[Essay] As technology advances, our leisure time is increasing. Do we need to be educated on how to use this time sensibly?

The topic statement makes a rather unreal assumption. This is that the only effect of technology is to reduce working hours. Certainly, the old sixty-hour working week has been reduced to forty hours in most countries, and the tendency is downwards.

This, of course, was due in part to the replacement of manpower by machine power although until very recently in the West, the far more potent factor was the growing power of trade unions. Within the past ten years, however, this power has been demolished by a creeping world trade recession. Instead of being forced to increase wages and reduce working hours by the threat of strike action, many businesses have either closed down or laid off a massive number of workers.

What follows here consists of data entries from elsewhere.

lemmas integral_poly_intros = integral_poly_add integral_poly_uminus integral_poly_diff integral_poly_mult
  integral_poly_numeral integral_poly_one integral_poly_pvar integral_poly_power

lemma integral_poly_psi:
  "integral_poly u \<Longrightarrow> integral_poly v \<Longrightarrow> integral_poly z \<Longrightarrow> integral_poly m \<Longrightarrow> integral_poly (psi u v z m)"
  unfolding psi_def Let_def circulant_det_def
  by (intro integral_poly_intros | assumption)+

lemma linform_embed3: "linform (embed3 c) = poly_roots.lin_form c (pvar 0, pvar 1, pvar 2)"
  by (cases c) (simp add: linform_def poly_roots.lin_form_def pconst_zs_eval del: zs_eval.simps)

lemma linform_scale3: "linform (scale3 c v) = pconst c * linform v"
  by (cases v) (simp add: linform_def pconst_mult algebra_simps)

lemma theta_omega_square_neq_1: "\<theta> * \<omega>^2 \<noteq> 1"
proof
  assume "\<theta> * \<omega>^2 = 1"
  then have "\<theta>^3 * (\<omega>^3)^2 = 1" by (metis power_mult_distrib power_one power_mult mult.commute[of 2 3])
  then show False using theta_cube complex_roots.w_cube by simp
qed

lemma prod_linform_config_lines:
  "\<exists>G. integral_poly G \<and> (\<Prod>L \<in> set config_lines. linform (embed3 L)) = pconst ((3*(\<theta>*\<omega>^2 - 1))^18) * G"
proof -
  let ?X = "pvar 0" and ?Y = "pvar 1" and ?Z = "pvar 2"
  define G where "G = ((?X^3 - ?Y^3) * (?Z^3 - ?X^3) * (?Y^3 - ?Z^3))
     * ((?Z^3 + 2*?X^3) * (?Y^3 + 2*?Z^3) * (?X^3 + 2*?Y^3) * (?Z^3 + 2*?Y^3) * (?X^3 + 2*?Z^3) * (?Y^3 + 2*?X^3))
     * psi (?X^3) (?Y^3) (?Z^3) (?X*?Y*?Z)"
  have "integral_poly G" unfolding G_def by (intro integral_poly_intros integral_poly_psi)
  have kappa: "pconst ((3*(\<theta>*\<omega>^2 - 1))^18) = (3*(pconst \<theta> * pconst \<omega>^2 - 1))^18"
    using pconst_of_int[of 3] by (simp add: pconst_power pconst_mult pconst_diff pconst_one)
  have "(\<Prod>L \<in> set config_lines. linform (embed3 L)) = prod_list (map (\<lambda>c. poly_roots.lin_form c (?X, ?Y, ?Z)) config_lines)"
    by (simp add: prod.distinct_set_conv_list distinct_config_lines linform_embed3 o_def del: map3.simps)
  also have "\<dots> = pconst ((3*(\<theta>*\<omega>^2 - 1))^18) * G"
    unfolding poly_roots.prod_lin_form_config_lines kappa G_def by (simp only: mult_ac)
  finally show ?thesis using \<open>integral_poly G\<close> by blast
qed

lemma line_form_eq_scale3:
  assumes "\<forall>L \<in> sextactic_lines. nonzero3 (lf L) \<and> line_of (lf L) = L" and "L \<in> set config_lines"
  shows "\<exists>s. s \<noteq> 0 \<and> lf (line_of (embed3 L)) = scale3 s (embed3 L)"
proof -
  have "line_of (lf (line_of (embed3 L))) = line_of (embed3 L)" "lf (line_of (embed3 L)) \<noteq> 0"
    using assms line_of_config_line_in_sextactic_lines[OF assms(2)] by (auto simp: nonzero3_iff)
  then show ?thesis using line_of_eq_imp_scale3 embed3_config_line_neq_0[OF assms(2)] by blast
qed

In Britain, this applies to all the main industrial concerns as well as smaller private businesses. Almost all coal mines have, or will shortly close down due to the switch to nuclear power and gas as fuel for electricity production, and the almost total disappearance of coal as the fuel for domestic heating. In offices, computers have decimated numbers of white-collar workers. Machinery and large-scale farming have had the same effect on agriculture. Robotry has revolutionised car assembly and standardised containers have eliminated the need for power in the docks. Added to all this is a worldwide drop in consumer confidence, due to a reluctance to spend in view of widespread job insecurity.

So to say that ‘our leisure time is increasing’ is certainly true, even though the underlying assumption presupposes and ideal situation in which the advance of technology has had the single effect of shortening working hours. It may be that some countries are in this happy situation. The working hours may have gone down to say twenty-five hours without prejudice to job security or loss of income. Inflation is low. The GNP is adequate and the balance of payment sound. Morale remains high. The population has a good basic education. All that is required to find the right balance between work and play. Most people are not naturally lazy, so generally speaking the incentive to use leisure time constructively built-in.

There are many ways in which this can be achieved, beginning at school. Most schools have a career adviser as a member of staff, and many education authorities employ a peripatetic educational psychologist. Their work could be extended. There is no reason why their advice should be limited to school progress and future job opportunities. Also, the object is to find out the young person’s true interests and capabilities. If academically inclined, the young person could be steered in that direction. A manually gifted child could be shown opportunities in that very wide field. Many countries could step up their coaching facilities for those who are good at sport.

There is an old saying that ‘Satan hath some mischief yet for idle hands to do’. One of the aims of education should be to instil a liberal and humane attitude towards other people, especially those of other nationalities and alien cultures. A current problem in West Germany is xenophobia, caused by mass immigration from the east, and an uncertain economic future. National Socialism among unemployed youth, with its hallmarks of intolerance and violence, is increasing. The fears of these young people are real, but their behaviour shows up the basic deficiencies of their home and educational background. In Britain, extreme elements of Left and Right reflect their unrest by going in for petty crime and by showing hostility to the establishment and police.

The solution is right thinking and a positive attitude to leisure, whether that leisure is enforced or not. This need is generally recognised, and some countries already provide a range of opportunities. Britain offers training and retraining schemes for young people based on what used to be called ‘technical college’. Evening classes are available almost everywhere. The ‘Open University’ provides a spectrum of instruction via television. Libraries and specialised magazines have been generally available for decades.

The solution is a matter of personal incentive combined with professional direction. The key to both stems from parental direction and encouragement combined with enlightening schooling.